Categorized | Chili Peppers

WTF is The Scoville Heat Test?

WTF is The Scoville Heat Test?

The Scoville scale is a measurement of hotness or piquancy of a chilli pepper. The heat from this vegetable comes from the capsaicin content found in the skin, flesh and seeds of the pepper. The scale itself is named after its creator, Wilbur Scoville. This method, the Scoville Organaleptic Test, was developed in 1912, as a way to rate the pungency of chilli peppers.

To rate the hotness of a chilli pepper, capsaicin oil is removed from a dried pepper and the alcohol extract is removed. The alcohol is then added to a solution of sugar and water until the “heat” is detectable by a panel of tasters. A pepper that contains no capsaicin at all, like a bell pepper, would register a 0 on the Scoville Scale.
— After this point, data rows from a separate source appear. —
(* Let $0\le z<t\le n$ and consider any $((t,n;z))_q$ QSS scheme whose secret consists of $m$ qudits. Then for every authorized set $A\subseteq[n]$, the communication cost of secret recovery from $A$ satisfies $$\mathrm{CC}_n(A)\geq\frac{|A|\,m}{|A|-z}.$$
   Context: A QSS scheme on $n$ parties is an encoding of a quantum secret into $n$ shares, share $j$ given to party $j\in[n]$. A set $P\subseteq[n]$ is authorized if the secret can be recovered from the shares of the parties in $P$, and unauthorized if those shares contain no information about the secret. For $0\le z<t\le n$, a $((t,n;z))_q$ QSS scheme is one in which every set of at least $t$ parties is authorized, every set of at most $z$ parties is unauthorized, and the secret consists of $m$ qudits and the $j$-th share of $w_j$ qudits, all of dimension $q$. For an authorized set $A$, a fixed (a priori) portion of each share of a party in $A$ is sent to a combiner, which recovers the secret from these qudits; the communication cost is $\mathrm{CC}_n(A)=\sum_{j\in A}h_{j,A}$, where $h_{j,A}$ is the number of qudits sent by party $j$. *)

theory Defs
  imports Complex_Main
begin

text \<open>A system of k qudits of
dimension q has Hilbert space of dimension q^k; operators on it are represented
as functions nat => nat => complex (matrix entries), required to vanish outside
the index range.  The basis index i < q^k encodes the digit string
(digit q i 0, ..., digit q i (k-1)), the digit at position p being the state of
qudit p.\<close>

type_synonym cmat = "nat \<Rightarrow> nat \<Rightarrow> complex"

definition digit :: "nat \<Rightarrow> nat \<Rightarrow> nat \<Rightarrow> nat" where
  "digit q a k = (a div q ^ k) mod q"

definition density :: "nat \<Rightarrow> cmat \<Rightarrow> bool" where
  "density d \<rho> \<longleftrightarrow>
     (\<forall>i j. \<not> (i < d \<and> j < d) \<longrightarrow> \<rho> i j = 0) \<and>
     (\<Sum>i<d. \<rho> i i) = 1 \<and>
     (\<forall>v :: nat \<Rightarrow> complex.
        Im (\<Sum>i<d. \<Sum>j<d. cnj (v i) * \<rho> i j * v j) = 0 \<and>
        Re (\<Sum>i<d. \<Sum>j<d. cnj (v i) * \<rho> i j * v j) \<ge> 0)"

text \<open>Quantum channels (CPTP maps) in Kraus form: a finite list of Kraus
operators K (dout x din) with sum K^H K = identity.\<close>
definition is_channel :: "nat \<Rightarrow> nat \<Rightarrow> cmat list \<Rightarrow> bool" where
  "is_channel din dout Ks \<longleftrightarrow>
     (\<forall>i<din. \<forall>j<din.
        (\<Sum>K\<leftarrow>Ks. \<Sum>k<dout. cnj (K k i) * K k j) = (if i = j then 1 else 0))"

definition apply_channel :: "nat \<Rightarrow> nat \<Rightarrow> cmat list \<Rightarrow> cmat \<Rightarrow> cmat" where
  "apply_channel din dout Ks \<rho> = (\<lambda>a b.
     if a < dout \<and> b < dout
     then (\<Sum>K\<leftarrow>Ks. \<Sum>i<din. \<Sum>j<din. K a i * \<rho> i j * cnj (K b j))
     else 0)"

text \<open>Partial trace of a W-qudit operator onto the qudit positions S
(kept in increasing order of position), tracing out the rest.\<close>
definition rank_in :: "nat set \<Rightarrow> nat \<Rightarrow> nat" where
  "rank_in S k = card {x \<in> S. x < k}"

definition merge_idx :: "nat \<Rightarrow> nat \<Rightarrow> nat set \<Rightarrow> nat \<Rightarrow> nat \<Rightarrow> nat" where
  "merge_idx q W S a c =
     (\<Sum>k<W. q ^ k * (if k \<in> S then digit q a (rank_in S k)
                        else digit q c (rank_in ({..<W} - S) k)))"

definition ptrace :: "nat \<Rightarrow> nat \<Rightarrow> nat set \<Rightarrow> cmat \<Rightarrow> cmat" where
  "ptrace q W S \<rho> = (\<lambda>a b.
     if a < q ^ card S \<and> b < q ^ card S
     then (\<Sum>c<q ^ (W - card S). \<rho> (merge_idx q W S a c) (merge_idx q W S b c))
     else 0)"

text \<open>QSS encoding: secret of m qudits, shares j in {1..n}, share j consisting of
w j qudits; all W = sum of w j share qudits are laid out share after share.\<close>
definition total_qudits :: "nat \<Rightarrow> (nat \<Rightarrow> nat) \<Rightarrow> nat" where
  "total_qudits n w = (\<Sum>j\<in>{1..n}. w j)"

definition share_block :: "(nat \<Rightarrow> nat) \<Rightarrow> nat \<Rightarrow> nat set" where
  "share_block w j = {(\<Sum>i\<in>{1..<j}. w i) ..< (\<Sum>i\<in>{1..<j}. w i) + w j}"

definition qudits_of :: "(nat \<Rightarrow> nat) \<Rightarrow> nat set \<Rightarrow> nat set" where
  "qudits_of w P = (\<Union>j\<in>P. share_block w j)"

definition recoverable ::
  "nat \<Rightarrow> nat \<Rightarrow> nat \<Rightarrow> (nat \<Rightarrow> nat) \<Rightarrow> cmat list \<Rightarrow> nat set \<Rightarrow> bool" where
  "recoverable q n m w Ks S \<longleftrightarrow>
     (\<exists>Rs. is_channel (q ^ card S) (q ^ m) Rs \<and>
        (\<forall>\<rho>. density (q ^ m) \<rho> \<longrightarrow>
           apply_channel (q ^ card S) (q ^ m) Rs
             (ptrace q (total_qudits n w) S
               (apply_channel (q ^ m) (q ^ total_qudits n w) Ks \<rho>)) = \<rho>))"

definition no_info ::
  "nat \<Rightarrow> nat \<Rightarrow> nat \<Rightarrow> (nat \<Rightarrow> nat) \<Rightarrow> cmat list \<Rightarrow> nat set \<Rightarrow> bool" where
  "no_info q n m w Ks S \<longleftrightarrow>
     (\<forall>\<rho> \<sigma>. density (q ^ m) \<rho> \<longrightarrow> density (q ^ m) \<sigma> \<longrightarrow>
        ptrace q (total_qudits n w) S (apply_channel (q ^ m) (q ^ total_qudits n w) Ks \<rho>) =
        ptrace q (total_qudits n w) S (apply_channel (q ^ m) (q ^ total_qudits n w) Ks \<sigma>))"

definition authorized ::
  "nat \<Rightarrow> nat \<Rightarrow> nat \<Rightarrow> (nat \<Rightarrow> nat) \<Rightarrow> cmat list \<Rightarrow> nat set \<Rightarrow> bool" where
  "authorized q n m w Ks P \<longleftrightarrow> recoverable q n m w Ks (qudits_of w P)"

definition unauthorized ::
  "nat \<Rightarrow> nat \<Rightarrow> nat \<Rightarrow> (nat \<Rightarrow> nat) \<Rightarrow> cmat list \<Rightarrow> nat set \<Rightarrow> bool" where
  "unauthorized q n m w Ks P \<longleftrightarrow> no_info q n m w Ks (qudits_of w P)"

definition qss_scheme ::
  "nat \<Rightarrow> nat \<Rightarrow> nat \<Rightarrow> nat \<Rightarrow> nat \<Rightarrow> (nat \<Rightarrow> nat) \<Rightarrow> cmat list \<Rightarrow> bool" where
  "qss_scheme t n z q m w Ks \<longleftrightarrow>
     is_channel (q ^ m) (q ^ total_qudits n w) Ks \<and>
     (\<forall>P \<subseteq> {1..n}. t \<le> card P \<longrightarrow> authorized q n m w Ks P) \<and>
     (\<forall>P \<subseteq> {1..n}. card P \<le> z \<longrightarrow> unauthorized q n m w Ks P)"

end

theory Submission
  imports Defs "HOL-Library.Function_Algebras"
begin

text \<open>Fix an unauthorized set \<open>Z \<subseteq> A\<close> of \<open>z\<close> parties.  The qudits sent by \<open>A\<close> split into
those held by \<open>Z\<close>, whose reduced state is independent of the secret, and the rest \<open>Y\<close>; yet the
secret is recoverable from both together.  This forces \<open>Y\<close> to have dimension at least
\<open>q ^ m\<close>, that is, the parties of \<open>A - Z\<close> send at least \<open>m\<close> qudits.  Averaging this bound over
all \<open>z\<close>-subsets of \<open>A\<close>, each party lies outside a fraction \<open>(|A| - z) / |A|\<close> of them, which
gives the theorem.

The dimension bound is a rank count.  Let \<open>d\<close> be the secret dimension, \<open>r\<close> the dimension of
the span of the Kraus operators of the encoding (the environment), and \<open>f\<close> the dimension of the
span of their slices seen from \<open>Z\<close>.  Recoverability from \<open>ZY\<close> gives the Knill-Laflamme
conditions, so the columns of a basis of Kraus operators are \<open>r * d\<close> independent vectors living
in a space of dimension at most \<open>f * dim Y\<close>; symmetrically, blindness of \<open>Z\<close> gives
\<open>f * d \<le> r * dim Y\<close>.  Multiplying, \<open>d \<le> dim Y\<close>.\<close>

section \<open>Complex-valued functions as a vector space\<close>

definition fun_scale :: "complex \<Rightarrow> ('a \<Rightarrow> complex) \<Rightarrow> 'a \<Rightarrow> complex" where
  "fun_scale c f = (\<lambda>x. c * f x)"

interpretation cfun: vector_space fun_scale
  by unfold_locales (auto simp: fun_scale_def fun_eq_iff algebra_simps)

interpretation cfun_pair:
  vector_space_pair "fun_scale :: complex \<Rightarrow> ('a \<Rightarrow> complex) \<Rightarrow> _"
    "fun_scale :: complex \<Rightarrow> ('b \<Rightarrow> complex) \<Rightarrow> _" ..

lemma fun_scale_apply [simp]: "fun_scale c f x = c * f x"
  by (simp add: fun_scale_def)

lemma sum_fun_apply: "(\<Sum>i\<in>A. f i) x = (\<Sum>i\<in>A. f i x)"
  by (induction A rule: infinite_finite_induct) auto

lemma cfun_span_finite_iff:
  assumes "finite S"
  shows "v \<in> cfun.span S \<longleftrightarrow> (\<exists>u. v = (\<lambda>x. \<Sum>w\<in>S. u w * w x))"
  using cfun.span_finite[OF assms] by (auto simp: fun_eq_iff sum_fun_apply)

lemma cfun_lincomb_in_span:
  assumes "finite I" "\<And>i. i \<in> I \<Longrightarrow> v i \<in> S"
  shows "(\<lambda>x. \<Sum>i\<in>I. c i * v i x) \<in> cfun.span S"
proof -
  have "(\<lambda>x. \<Sum>i\<in>I. c i * v i x) = (\<Sum>i\<in>I. fun_scale (c i) (v i))"
    by (simp add: fun_eq_iff sum_fun_apply)
  also have "\<dots> \<in> cfun.span S"
    using assms by (intro cfun.span_sum cfun.span_scale cfun.span_base) auto
  finally show ?thesis .
qed

lemma cfun_independent_coeff_eq_0:
  assumes "finite S" "cfun.independent S" "\<And>x. (\<Sum>w\<in>S. u w * w x) = 0" "w \<in> S"
  shows "u w = 0"
proof -
  have "(\<Sum>w\<in>S. fun_scale (u w) w) = 0"
    using assms(3) by (auto simp: fun_eq_iff sum_fun_apply)
  then show ?thesis using cfun.dependent_finite[OF assms(1)] assms(2,4) by auto
qed

lemma cfun_inj_independent_if_no_relation:
  fixes v :: "'i \<Rightarrow> 'a \<Rightarrow> complex"
  assumes fin: "finite I"
    and no_relation: "\<And>c. (\<And>x. (\<Sum>i\<in>I. c i * v i x) = 0) \<Longrightarrow> \<forall>i\<in>I. c i = 0"
  shows "inj_on v I \<and> cfun.independent (v ` I)"
proof
  show inj: "inj_on v I"
  proof (rule inj_onI, rule ccontr)
    fix i j assume ij: "i \<in> I" "j \<in> I" "v i = v j" "i \<noteq> j"
    define c where "c k = (if k = i then 1 else if k = j then -1 else (0::complex))" for k
    have "\<forall>k\<in>I. c k = 0"
    proof (rule no_relation)
      fix x
      have "(\<Sum>k\<in>I. c k * v k x) = (\<Sum>k\<in>{i,j}. c k * v k x)"
        using ij fin by (intro sum.mono_neutral_right) (auto simp: c_def)
      also have "\<dots> = 0" using ij by (simp add: c_def)
      finally show "(\<Sum>k\<in>I. c k * v k x) = 0" .
    qed
    then show False using ij by (auto simp: c_def)
  qed
  show "cfun.independent (v ` I)"
  proof (rule cfun.independent_if_scalars_zero)
    show "finite (v ` I)" using fin by simp
    fix f w assume s: "(\<Sum>x\<in>v ` I. fun_scale (f x) x) = 0" and w: "w \<in> v ` I"
    have "\<forall>i\<in>I. f (v i) = 0"
    proof (rule no_relation)
      fix x
      have "(\<Sum>i\<in>I. f (v i) * v i x) = (\<Sum>y\<in>v ` I. fun_scale (f y) y) x"
        using sum.reindex[OF inj, of "\<lambda>y. f y * y x"] by (simp add: sum_fun_apply)
      also have "\<dots> = 0" using s by simp
      finally show "(\<Sum>i\<in>I. f (v i) * v i x) = 0" .
    qed
    then show "f w = 0" using w by auto
  qed
qed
While a habanero pepper would rate 200 000 or more. This measurement means that the extract must be diluted at least 200 000 times before the spice is neutralized. There are some doubts with this test however, because the measurement is based on the human observation.

There are many variables for measuring the spice of a pepper. This is mainly due to the fact that there are so many variances within each species. Seed lineage, climate and soil all play a part in the pungency of peppers.

The hottest peppers on the Scoville Scale are those that belong to the naga jolokia family, these are often referred to as ghost chillies. Ghost chillies rate over one million Scoville units.

Over the years, other tests and methods have been developed, but the Scoville Scale is still the most widely used and respected. It is the measurement by which all chillis and hot sauces are measured.